WHAT YOU HAVE TO DO: Show, from the entries below, every line in which "assms" appears.
Segment Open
lemma integral_le_hausdist_cgraph_from:
  fixes g h :: "real \<Rightarrow> real^'d" and v w :: "real^'d"
  assumes "BV h" "cadlag g"
  shows "integral {0..1} (\<lambda>s. norm (g s - h s))
           \<le> 2 * (Var h - norm (h 0) + norm (v - h 0) + 1) * hausdist (cgraph_from w g) (cgraph_from v h)"
  by (rule integral_le_hausdist[OF assms(1) bounded_cgraph_from[OF assms(2)]])
    (simp add: graph_mem_cgraph_from)

theorem lemma4p3:
  fixes g h :: "real \<Rightarrow> real^'d"
  assumes "BV h" and "cadlag g"
  shows "(integral {0..1} (\<lambda>s. norm (g s - h s))
           \<le> 2 * real CARD('d) * (Var h - norm (h 0) + 1) * rho2 g h
             + pi * real CARD('d) * (rho2 g h)\<^sup>2)
         \<and> (integral {0..1} (\<lambda>s. norm (g s - h s))
           \<le> 2 * real CARD('d) * (Var h + 1) * rho2' g h
             + pi * real CARD('d) * (rho2' g h)\<^sup>2)"
proof -
  let ?I = "integral {0..1} (\<lambda>s. norm (g s - h s))"
  have relax: "?I \<le> 2 * real CARD('d) * a * \<rho> + pi * real CARD('d) * \<rho>\<^sup>2"
    if "?I \<le> 2 * a * \<rho>" "0 \<le> a" "0 \<le> \<rho>" for a \<rho>
  proof -
    have "2 * a * \<rho> \<le> 2 * real CARD('d) * a * \<rho>"
      using that mult_right_mono[of 1 "real CARD('d)" "2 * a * \<rho>"] by (simp add: algebra_simps)
    moreover have "0 \<le> pi * real CARD('d) * \<rho>\<^sup>2" by simp
    ultimately show ?thesis using that(1) by linarith
  qed
  have Var: "norm (h 0) \<le> Var h" "0 \<le> Var h"
    using norm_le_Var[OF assms(1)] norm_ge_zero order_trans by blast+
  have "0 \<le> hausdist (cgraph_from w g) T" for w T
    using hausdist_nonneg[OF bounded_cgraph_from[OF assms(2)] graph_mem_cgraph_from[of 0]] by simp
  then have "0 \<le> rho2 g h" "0 \<le> rho2' g h"
    unfolding rho2_def rho2'_def cgraph_eq_cgraph_from by simp_all
  moreover have "?I \<le> 2 * (Var h - norm (h 0) + 1) * rho2 g h"
    using integral_le_hausdist_cgraph_from[OF assms, of "h 0" "g 0"]
    unfolding rho2_def cgraph_eq_cgraph_from by simp
  moreover have "?I \<le> 2 * (Var h + 1) * rho2' g h"
    using integral_le_hausdist_cgraph_from[OF assms, of 0 0]
    unfolding rho2'_def cgraph_eq_cgraph_from by simp
  ultimately show ?thesis using Var by (intro conjI relax) auto
qed

end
Segment Closed
PROBLEM SOLUTION:
  by (rule integral_le_hausdist[OF assms(1) bounded_cgraph_from[OF assms(2)]])
    using norm_le_Var[OF assms(1)] norm_ge_zero order_trans by blast+
    using hausdist_nonneg[OF bounded_cgraph_from[OF assms(2)] graph_mem_cgraph_from[of 0]] by simp
    using integral_le_hausdist_cgraph_from[OF assms, of "h 0" "g 0"]
    using integral_le_hausdist_cgraph_from[OF assms, of 0 0]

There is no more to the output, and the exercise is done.